===== Listed records
lemma second_difference_approx:
  fixes F :: "'a::real_normed_vector \<Rightarrow> 'b::real_normed_vector"
  assumes S: "open S" "x \<in> S" "\<And>y. y \<in> S \<Longrightarrow> F differentiable (at y)"
    and A: "(dir_deriv a F has_derivative A) (at x)"
    and e: "e > 0"
  shows "\<exists>d>0. \<forall>h. 0 < h \<and> h < d \<longrightarrow>
     norm (F (x + h *\<^sub>R a + h *\<^sub>R b) - F (x + h *\<^sub>R a) - F (x + h *\<^sub>R b) + F x - (h\<^sup>2) *\<^sub>R A b)
       \<le> 3 * e * h\<^sup>2 * (norm a + norm b + 1)"
proof -
  define G where "G = dir_deriv a F"
  define K where "K = norm a + norm b"
  define R where "R y = G y - G x - A (y - x)" for y
  obtain r where r: "r > 0" "ball x r \<subseteq> S"
    using openE[OF S(1,2)] by blast
  have lin_A: "linear A"
    using A has_derivative_linear by blast
  obtain d where d: "d > 0" "\<And>y. norm (y - x) < d \<Longrightarrow> norm (R y) \<le> e * norm (y - x)"
    using A e unfolding has_derivative_at_alt R_def G_def by blast
  define dd where "dd = min d r / (2 * (K + 1))"
  have K: "K \<ge> 0"
    by (simp add: K_def)
  show ?thesis
  proof (intro exI[of _ dd] conjI allI impI)
    show "dd > 0"
      using d r K by (simp add: dd_def)
    fix h :: real
    assume h: "0 < h \<and> h < dd"
    then have "h * (2 * (K + 1)) < min d r"
      using K by (simp add: dd_def pos_less_divide_eq)
    then have "2 * h * K < min d r"
      using h by (simp add: algebra_simps)
    then have near: "norm (y - x) < d \<and> y \<in> S" if "norm (y - x) \<le> 2 * h * K" for y
      using that r(2) by (auto simp: dist_norm norm_minus_commute)
    have R_bound: "norm (R y) \<le> e * norm (y - x)" if "norm (y - x) \<le> 2 * h * K" for y
      using d(2) near[OF that] by blast
    have norm_ta: "norm (t *\<^sub>R a) \<le> h * norm a" and norm_tahb: "norm (t *\<^sub>R a + h *\<^sub>R b) \<le> h * K"
      if "t \<in> {0..h}" for t
      using that h norm_triangle_ineq[of "t *\<^sub>R a" "h *\<^sub>R b"] mult_right_mono[of t h "norm a"]
      by (auto simp: K_def algebra_simps)
    have small: "h * norm a \<le> 2 * h * K" "h * K \<le> 2 * h * K" "h * norm b \<le> 2 * h * K"
      using h K by (auto simp: K_def algebra_simps)
    have segment: "norm ((F (x + h *\<^sub>R b + h *\<^sub>R a) - F (x + h *\<^sub>R a)) - (F (x + h *\<^sub>R b) - F x)
        - h *\<^sub>R (G (x + h *\<^sub>R b) - G x)) \<le> h * (2 * e * h * K)"
      unfolding G_def
    proof (rule difference_along_segment_bound)
      fix t :: real
      assume t: "t \<in> {0..h}"
      have "x + h *\<^sub>R b + t *\<^sub>R a \<in> S" "x + t *\<^sub>R a \<in> S"
        using near norm_tahb[OF t] norm_ta[OF t] small by (auto simp: algebra_simps)
      then show "F differentiable (at (x + h *\<^sub>R b + t *\<^sub>R a)) \<and> F differentiable (at (x + t *\<^sub>R a))"
        using S(3) by blast
      have "(G (x + h *\<^sub>R b + t *\<^sub>R a) - G (x + t *\<^sub>R a)) - (G (x + h *\<^sub>R b) - G x)
          = R (x + (t *\<^sub>R a + h *\<^sub>R b)) - R (x + t *\<^sub>R a) - R (x + h *\<^sub>R b)"
        unfolding R_def using linear_diff[OF lin_A] linear_add[OF lin_A] by (simp add: algebra_simps)
      also have "norm \<dots> \<le> e * norm (t *\<^sub>R a + h *\<^sub>R b) + e * norm (t *\<^sub>R a) + e * norm (h *\<^sub>R b)"
        using R_bound[of "x + (t *\<^sub>R a + h *\<^sub>R b)"] R_bound[of "x + t *\<^sub>R a"] R_bound[of "x + h *\<^sub>R b"]
          norm_tahb[OF t] norm_ta[OF t] small h norm_triangle_ineq4 norm_triangle_ineq
        by (smt (verit, best) add_diff_cancel_left' norm_scaleR)
      also have "\<dots> \<le> e * (h * K) + e * (h * norm a) + e * (h * norm b)"
        using norm_tahb[OF t] norm_ta[OF t] h e by (intro add_mono mult_left_mono) auto
      finally show "norm ((dir_deriv a F (x + h *\<^sub>R b + t *\<^sub>R a) - dir_deriv a F (x + t *\<^sub>R a))
          - (dir_deriv a F (x + h *\<^sub>R b) - dir_deriv a F x)) \<le> 2 * e * h * K"
        by (simp add: G_def K_def algebra_simps)
    qed (use h in simp)
    have R_bound_b: "h * norm (R (x + h *\<^sub>R b)) \<le> h * (e * (h * norm b))"
      using R_bound[of "x + h *\<^sub>R b"] small h by (simp add: mult_left_mono)
    have "F (x + h *\<^sub>R a + h *\<^sub>R b) - F (x + h *\<^sub>R a) - F (x + h *\<^sub>R b) + F x - (h\<^sup>2) *\<^sub>R A b
        = ((F (x + h *\<^sub>R b + h *\<^sub>R a) - F (x + h *\<^sub>R a)) - (F (x + h *\<^sub>R b) - F x)
          - h *\<^sub>R (G (x + h *\<^sub>R b) - G x)) + h *\<^sub>R R (x + h *\<^sub>R b)"
      unfolding R_def using linear_cmul[OF lin_A]
      by (simp add: algebra_simps power2_eq_square scaleR_diff_right)
    also have "norm \<dots> \<le> h * (2 * e * h * K) + h * (e * (h * norm b))"
      using norm_triangle_mono[OF segment, of "h *\<^sub>R R (x + h *\<^sub>R b)"] R_bound_b h by simp
    also have "\<dots> \<le> 3 * e * h\<^sup>2 * (norm a + norm b + 1)"
      using h e by (simp add: K_def power2_eq_square algebra_simps)
    finally show "norm (F (x + h *\<^sub>R a + h *\<^sub>R b) - F (x + h *\<^sub>R a) - F (x + h *\<^sub>R b) + F x - (h\<^sup>2) *\<^sub>R A b)
       \<le> 3 * e * h\<^sup>2 * (norm a + norm b + 1)" .
  qed
qed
==========
Copy every line of the material above in which the word "unfolding" appears.

    using A e unfolding has_derivative_at_alt R_def G_def by blast
      unfolding G_def
        unfolding R_def using linear_diff[OF lin_A] linear_add[OF lin_A] by (simp add: algebra_simps)
      unfolding R_def using linear_cmul[OF lin_A]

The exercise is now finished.